Novel inflammatory biomarkers after long-term left ventricular assist
device implantation
Abstract
Background and aim of the study: Despite progressive improvement in
perioperative care and device technology infectious complications (IC)
remain one of the main causes worsening both short-term and long-term
prognosis after long-term ventricular assist device (LVAD) implantation.

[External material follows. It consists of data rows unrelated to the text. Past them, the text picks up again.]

(* Let $\sigma$ be a proper partial action of a locally compact Hausdorff group $G$ on a locally compact Hausdorff space $X$. Then the closure $E_\sigma$ of $C_c(X)$ in $E_{\sigma^e}$ equals the closure in $E_{\sigma^e}$ of $E^0_\sigma:=C_c(X^e)\cap C_0(X)$.
   Context: A topological partial action $\sigma=(\{X_t\},\{\sigma_t\})$: open $X_t\subseteq X$, homeomorphisms $\sigma_t\colon X_{t^{-1}}\to X_t$, $X_e=X$, $\sigma_e=\mathrm{id}$, $\sigma_s(X_{s^{-1}}\cap X_t)=X_s\cap X_{st}$, $\sigma_s\sigma_t=\sigma_{st}$ on $X_{t^{-1}}\cap X_{t^{-1}s^{-1}}$, $\Gamma_\sigma=\{(t,x):x\in X_{t^{-1}}\}$ open and $(t,x)\mapsto\sigma_t(x)$ continuous; proper means $(t,x)\mapsto(\sigma_t(x),x)$, $\Gamma_\sigma\to X\times X$, is proper. The enveloping action $\sigma^e$ on $X^e$ is the global action with $X$ open in $X^e$, $X_t=X\cap\sigma^e_t(X)$, $\sigma_t=\sigma^e_t|_{X_{t^{-1}}}$, $X^e=\bigcup_t\sigma^e_t(X)$; for proper $\sigma$, $X^e$ is locally compact Hausdorff and $\sigma^e$ is proper. $C_0(X)$ is viewed as an ideal of $C_0(X^e)$ (extension by zero), so $C_c(X)\subseteq C_c(X^e)\cap C_0(X)$. $X/\sigma\cong X^e/\sigma^e$ denotes the orbit space. $E_{\sigma^e}$ is the completion of $C_c(X^e)$ as a left Hilbert $C_0(X/\sigma)$-module with $(fg)(x)=f([x])g(x)$ and $\langle g,h\rangle([x])=\int_G(g\bar h)(\sigma^e_{t^{-1}}(x))\,dt$ (Haar measure $dt$). *)

theory Defs
  imports "HOL-Analysis.Analysis"
begin
lemma has_indep_min_cutI:
  assumes "min_vertex_cut V E S" "vertex_cut V E T" "card T \<le> card S" "independent_set V E T"
  shows "has_indep_min_cut V E"
  using assms unfolding has_indep_min_cut_def min_vertex_cut_def by (meson le_trans)

lemma card_doubleton_le: "card {a, b} \<le> 2"
  by (simp add: card_insert_if)

lemma card_3_distinct: "card {a, b, c} = 3 \<Longrightarrow> a \<noteq> b \<and> a \<noteq> c \<and> b \<noteq> c"
  by (auto simp: card_insert_if split: if_splits)

lemma card_3_obtain_third:
  assumes "card N = 3" "x \<in> N" "y \<in> N" "x \<noteq> y"
  obtains z where "N = {x, y, z}"
proof -
  have "finite N" using assms(1) card.infinite by force
  then have "card (N - {x, y}) = 1" using assms by (simp add: card_Diff_subset)
  then obtain z where "N - {x, y} = {z}" by (rule card_1_singletonE)
  then have "N = {x, y, z}" using assms(2,3) by auto
  then show thesis by (rule that)
qed

lemma exists_not_in:
  assumes "finite A" "card A < card V"
  obtains z where "z \<in> V" "z \<notin> A"
  using assms card_mono[of A V] by (metis not_le subsetI)

lemma neighbour_in_component:
  assumes sep: "\<not> reach_in E (V - {u, v}) p q" and "p \<in> V - {u, v}" "q \<in> V - {u, v}"
    and reach: "reach_in E (V - {v}) p q"
  obtains a where "a \<in> V - {u, v}" "reach_in E (V - {u, v}) p a" "{a, u} \<in> E"
proof (rule ccontr)
  assume no_nb: "\<not> thesis"
  let ?C = "{z \<in> V - {u, v}. reach_in E (V - {u, v}) p z}"
  have "q \<in> ?C"
  proof (rule reach_in_closed[OF reach])
    show "p \<in> ?C" using assms(2) by simp
    fix s t assume "s \<in> ?C" "t \<in> V - {v}" "{s, t} \<in> E"
    moreover from this have "t \<noteq> u" using that no_nb by blast
    ultimately show "t \<in> ?C" using reach_in_step[of E "V - {u, v}" p s t] by auto
  qed
  with sep show False by simp
qed

context
  fixes V :: "'a set" and E :: "'a set set"
  assumes graph: "simple_graph V E"
begin

lemma finite_vertices: "finite V"
  using graph by (simp add: simple_graph_def)

lemma edgeE:
  assumes "e \<in> E"
  obtains u v where "e = {u, v}" "u \<noteq> v" "u \<in> V" "v \<in> V"
  using graph assms unfolding simple_graph_def by blast

lemma edge_vertices: "{x, y} \<in> E \<Longrightarrow> x \<noteq> y \<and> x \<in> V \<and> y \<in> V"
  by (erule edgeE) (auto simp: doubleton_eq_iff)

lemma finite_edges: "finite E"
proof (rule finite_subset)
  show "E \<subseteq> Pow V" by (auto elim: edgeE)
qed (simp add: finite_vertices)

lemma neighbours_subset: "neighbours E v \<subseteq> V"
  using edge_vertices by auto

lemma finite_neighbours: "finite (neighbours E v)"
  using finite_subset[OF neighbours_subset finite_vertices] .

lemma no_loop: "{v} \<notin> E"
  using edge_vertices[of v v] by (metis insert_absorb2)

lemma not_in_neighbours_self: "v \<notin> neighbours E v"
  by (simp add: no_loop)

lemma degree_eq_card_incident: "degree E v = card {e \<in> E. v \<in> e}"
proof -
  have "bij_betw (\<lambda>u. {v, u}) (neighbours E v) {e \<in> E. v \<in> e}"
  proof (rule bij_betwI')
    fix e assume e: "e \<in> {e \<in> E. v \<in> e}"
    then obtain a b where "e = {a, b}" by (blast elim: edgeE)
    with e have "e = {v, if a = v then b else a}" by auto
    with e show "\<exists>u\<in>neighbours E v. e = {v, u}" by auto
  qed (auto simp: doubleton_eq_iff)
  then show ?thesis unfolding degree_def by (rule bij_betw_same_card)
qed

lemma sum_degree: "(\<Sum>v\<in>V. degree E v) = 2 * card E"
proof -
  have "(\<Sum>v\<in>V. card {e \<in> E. v \<in> e}) = 2 * card E"
  proof (rule sum_multicount[OF finite_vertices finite_edges])
    show "\<forall>e\<in>E. card {v \<in> V. v \<in> e} = 2"
    proof
      fix e assume "e \<in> E"
      then obtain u v where "e = {u, v}" "u \<noteq> v" "u \<in> V" "v \<in> V" by (rule edgeE)
      then have "{x \<in> V. x \<in> e} = {u, v}" by auto
      with \<open>u \<noteq> v\<close> show "card {x \<in> V. x \<in> e} = 2" by simp
    qed
  qed
  then show ?thesis by (simp add: degree_eq_card_incident)
qed

lemma card_edges_delete_vertex: "card E = card {e \<in> E. w \<notin> e} + degree E w"
proof -
  have "card E = card ({e \<in> E. w \<notin> e} \<union> {e \<in> E. w \<in> e})"
    by (rule arg_cong[where f = card]) auto
  also have "\<dots> = card {e \<in> E. w \<notin> e} + card {e \<in> E. w \<in> e}"
    using finite_edges by (intro card_Un_disjoint) auto
  finally show ?thesis by (simp add: degree_eq_card_incident)
qed

lemma exists_degree_less:
  assumes "2 * card E < k * card V"
  obtains v where "v \<in> V" "degree E v < k"
proof (rule ccontr)
  assume "\<not> thesis"
  then have "\<And>v. v \<in> V \<Longrightarrow> k \<le> degree E v" using that not_le by blast
  then have "card V * k \<le> (\<Sum>v\<in>V. degree E v)" by (rule sum_bounded_below[where 'a = nat, simplified])
  with assms show False by (simp add: sum_degree mult.commute)
qed
lemma poisson_weight_le_1:
  fixes l :: real
  assumes l: "0 < l" shows "\<bar>l ^ j / fact j * exp (- l)\<bar> \<le> 1"
proof -
  have "l ^ j / fact j * exp (- l) = poi l j / exp l"
    by (simp add: poi_def exp_minus divide_inverse)
  then show ?thesis
    using poi_le_exp[OF l, of j] poi_pos[OF l, of j] by simp
qed

text \<open>The ratios of a partial sum, and of the corresponding tail, to its last term. The
  Stein solution below is expressed through them.\<close>
definition head_ratio :: "real \<Rightarrow> nat \<Rightarrow> real" where
  "head_ratio l m = poi_sum l m / poi l m"

definition tail_ratio :: "real \<Rightarrow> nat \<Rightarrow> real" where
  "tail_ratio l m = (exp l - poi_sum l m) / poi l m"

lemma head_ratio_nonneg: "0 < l \<Longrightarrow> 0 \<le> head_ratio l m"
  using poi_sum_ge_1[of l m] poi_pos[of l m] by (simp add: head_ratio_def)

lemma tail_ratio_nonneg: "0 < l \<Longrightarrow> 0 \<le> tail_ratio l m"
  using poi_sum_le_exp[of l m] poi_pos[of l m] by (simp add: tail_ratio_def)

lemma head_plus_tail_ratio: "0 < l \<Longrightarrow> head_ratio l m + tail_ratio l m = exp l / poi l m"
  by (simp add: head_ratio_def tail_ratio_def diff_divide_distrib add_divide_distrib[symmetric])

lemma head_ratio_Suc:
  assumes "0 < l" shows "head_ratio l (Suc m) = 1 + Suc m / l * head_ratio l m"
proof -
  have "(S + s * l / n) / (s * l / n) = 1 + n / l * (S / s)" if "0 < s" "0 < n" for S s n :: real
    using that assms by (simp add: field_simps)
  then show ?thesis
    using poi_pos[OF assms, of m] by (simp add: head_ratio_def poi_sum_Suc poi_Suc)
qed

lemma tail_ratio_Suc:
  assumes "0 < l" shows "tail_ratio l (Suc m) = Suc m / l * tail_ratio l m - 1"
proof -
  have "(E - (S + s * l / n)) / (s * l / n) = n / l * ((E - S) / s) - 1" if "0 < s" "0 < n"
    for E S s n :: real
    using that assms by (simp add: field_simps)
  then show ?thesis
    using poi_pos[OF assms, of m] by (simp add: tail_ratio_def poi_sum_Suc poi_Suc)
qed
(* Let $n\ge\ell\ge1$ and consider the saturation SQGT model with $s=\ell$ thresholds $\underline{\eta}=(1,\dots,\ell)$ (outcome of $y$ is $\min(y,\ell)$). Let $k=\lceil\log_{\ell+1}(n-\ell+1)\rceil$. Let $w_0$ be the infinite sequence $0^{\ell}\,(1^{\ell+1}0^{\ell+1})(1^{\ell+1}0^{\ell+1})\cdots$ and, for $1\le j\le k-1$, let $w_j=p(c_j)p(c_j)\cdots$ be the infinite periodic sequence of the word $p(c_j)$, where $c_j=\frac{(\ell+1)^j-1}{\ell}$ and $$p(c)=o(0)^{c}\,0\,o(1)^{c}\cdots0\,o(\ell)^{c}\;1\,u(\ell)^{c}\;1\,u(\ell-1)^{c}\cdots1\,u(0)^{c}\;0,$$ with $o(x)=0^{\ell-x}1^x$, $u(x)=1^x0^{\ell-x}$. Let $\mathbf{M}$ be the $k\times n$ binary matrix whose rows are the first $n$ entries of $w_{k-1},\dots,w_1,w_0$. Then $\mathbf{M}$ solves $\mathrm{Burst}(n,\ell,\underline{\eta})$: for all distinct $i,j\in\{0,\dots,n-\ell\}$, $\min(\mathbf{M}\mathbf{b}_i,\ell)\neq\min(\mathbf{M}\mathbf{b}_j,\ell)$ (entrywise minimum). In particular $\mathrm{Burst}(n,\ell,\underline{\eta})$ can be solved with $\lceil\log_{\ell+1}(n-\ell+1)\rceil$ measurements.
   Context: Items are indexed $0,\dots,n-1$; $\mathbf{b}_i\in\{0,1\}^n$ is the burst of length $\ell$ with head $i$ (coordinates $i,\dots,i+\ell-1$ equal to $1$, others $0$). $w^c$ denotes the concatenation of $c$ copies of the word $w$. A matrix solves $\mathrm{Burst}(n,\ell,\underline{\eta})$ if distinct length-$\ell$ bursts yield distinct outcome vectors. *)

theory Defs
  imports Complex_Main
begin

(* binary words are lists of naturals with entries in {0,1} *)
definition ow :: "nat \<Rightarrow> nat \<Rightarrow> nat list" where
  "ow l x = replicate (l - x) 0 @ replicate x 1"

definition uw :: "nat \<Rightarrow> nat \<Rightarrow> nat list" where
  "uw l x = replicate x 1 @ replicate (l - x) 0"

definition pow_word :: "nat list \<Rightarrow> nat \<Rightarrow> nat list" where
  "pow_word w c = concat (replicate c w)"

definition pword :: "nat \<Rightarrow> nat \<Rightarrow> nat list" where
  "pword l c =
     concat (map (\<lambda>x. (if x = 0 then [] else [0]) @ pow_word (ow l x) c) [0..<l+1])
     @ concat (map (\<lambda>x. [1] @ pow_word (uw l x) c) (rev [0..<l+1]))
     @ [0]"

definition cj :: "nat \<Rightarrow> nat \<Rightarrow> nat" where
  "cj l j = ((l + 1) ^ j - 1) div l"

definition w0 :: "nat \<Rightarrow> nat \<Rightarrow> nat" where
  "w0 l i = (if i < l then 0 else if (i - l) mod (2 * (l + 1)) < l + 1 then 1 else 0)"

definition wseq :: "nat \<Rightarrow> nat \<Rightarrow> nat \<Rightarrow> nat" where
  "wseq l j i = (if j = 0 then w0 l i
                 else (let p = pword l (cj l j) in p ! (i mod length p)))"

definition num_meas :: "nat \<Rightarrow> nat \<Rightarrow> nat" where
  "num_meas n l = nat \<lceil>log (real (l + 1)) (real (n - l + 1))\<rceil>"

(* k x n matrix: row r (0-based) is the first n entries of w_{k-1-r} *)
definition Mmat :: "nat \<Rightarrow> nat \<Rightarrow> nat \<Rightarrow> nat \<Rightarrow> nat" where
  "Mmat n l r x = wseq l (num_meas n l - 1 - r) x"

definition burst :: "nat \<Rightarrow> nat \<Rightarrow> nat \<Rightarrow> nat" where
  "burst l i x = (if i \<le> x \<and> x < i + l then 1 else 0)"

definition outcome :: "nat \<Rightarrow> nat \<Rightarrow> nat \<Rightarrow> nat list" where
  "outcome n l i = map (\<lambda>r. min (\<Sum>x<n. Mmat n l r x * burst l i x) l) [0..<num_meas n l]"

end

theory Submission
  imports Defs
begin

text \<open>Let \<open>P = (l+1)^j = l c\<^sub>j + 1\<close>. The word \<open>p(c\<^sub>j)\<close> splits into \<open>2(l+1)\<close> segments of
length \<open>P\<close>; the \<open>Q\<close>-th is the \<open>Q\<close>-th block repeated and cut to length \<open>P\<close>, and that block is
the cyclic window of length \<open>l\<close> at \<open>Q\<close> in the period \<open>0^l 1^(l+1) 0\<close> of \<open>w\<^sub>0\<close>.
So position \<open>x\<close> of \<open>w\<^sub>j\<close> (also for \<open>j = 0\<close>, \<open>P = 1\<close>) reads that period at
\<open>\<lfloor>x/P\<rfloor> + (x mod P) mod l\<close>, and the \<open>l\<close> positions of a burst at \<open>i\<close> sum to the number of
ones in the window at \<open>\<lfloor>i/P\<rfloor>\<close>: the \<open>j\<close>-th digit of the reflected \<open>(l+1)\<close>-ary Gray code
of \<open>i\<close>, which never exceeds \<open>l\<close>, so saturation loses nothing. The outcome vector is
therefore the \<open>k\<close>-digit Gray code of \<open>i\<close>, which is injective on \<open>i < (l+1)^k\<close>, and
\<open>n - l + 1 \<le> (l+1)^k\<close>.\<close>

lemma length_pow_word [simp]: "length (pow_word w c) = c * length w"
  by (induction c) (auto simp: pow_word_def)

The aim of this study was to assess procalcitonin (PCT) and presepsin
(PSEP) dynamics after LVAD implantation and its relationship to IC in
the early post-operative period. Methods: A total of 50 consecutive
patients indicated to LVAD implantation were included. PCT and PSEP
levels were prospectively assessed before surgery and during 30 day
follow-up - 1st, 2nd, 14th and 30th post-operative day (POD). Values
were compared according to the presence of IC. Results: Both PCT and
PSEP levels raised significantly after LVAD implantation. There was no
significant difference in PCT or PSEP levels between patients with or
without IC during whole follow-up. Patients with acute renal failure
(ARF) had significantly higher PCT levels 2 days after surgery and
further. ARF increased PSEP levels significantly only 14 days after LVAD
implantation. Also subjects with right ventricular assist device (RVAD)
had higher PCT and PSEP values. This difference reached the significance
only for PCT 14 days after surgery. Conclusions: Our data show that
ability of PCT or PSEP to detect infectious complications in patients
after LVAD implantation is limited. Their levels more likely correlate
with severity of post-operative period in general.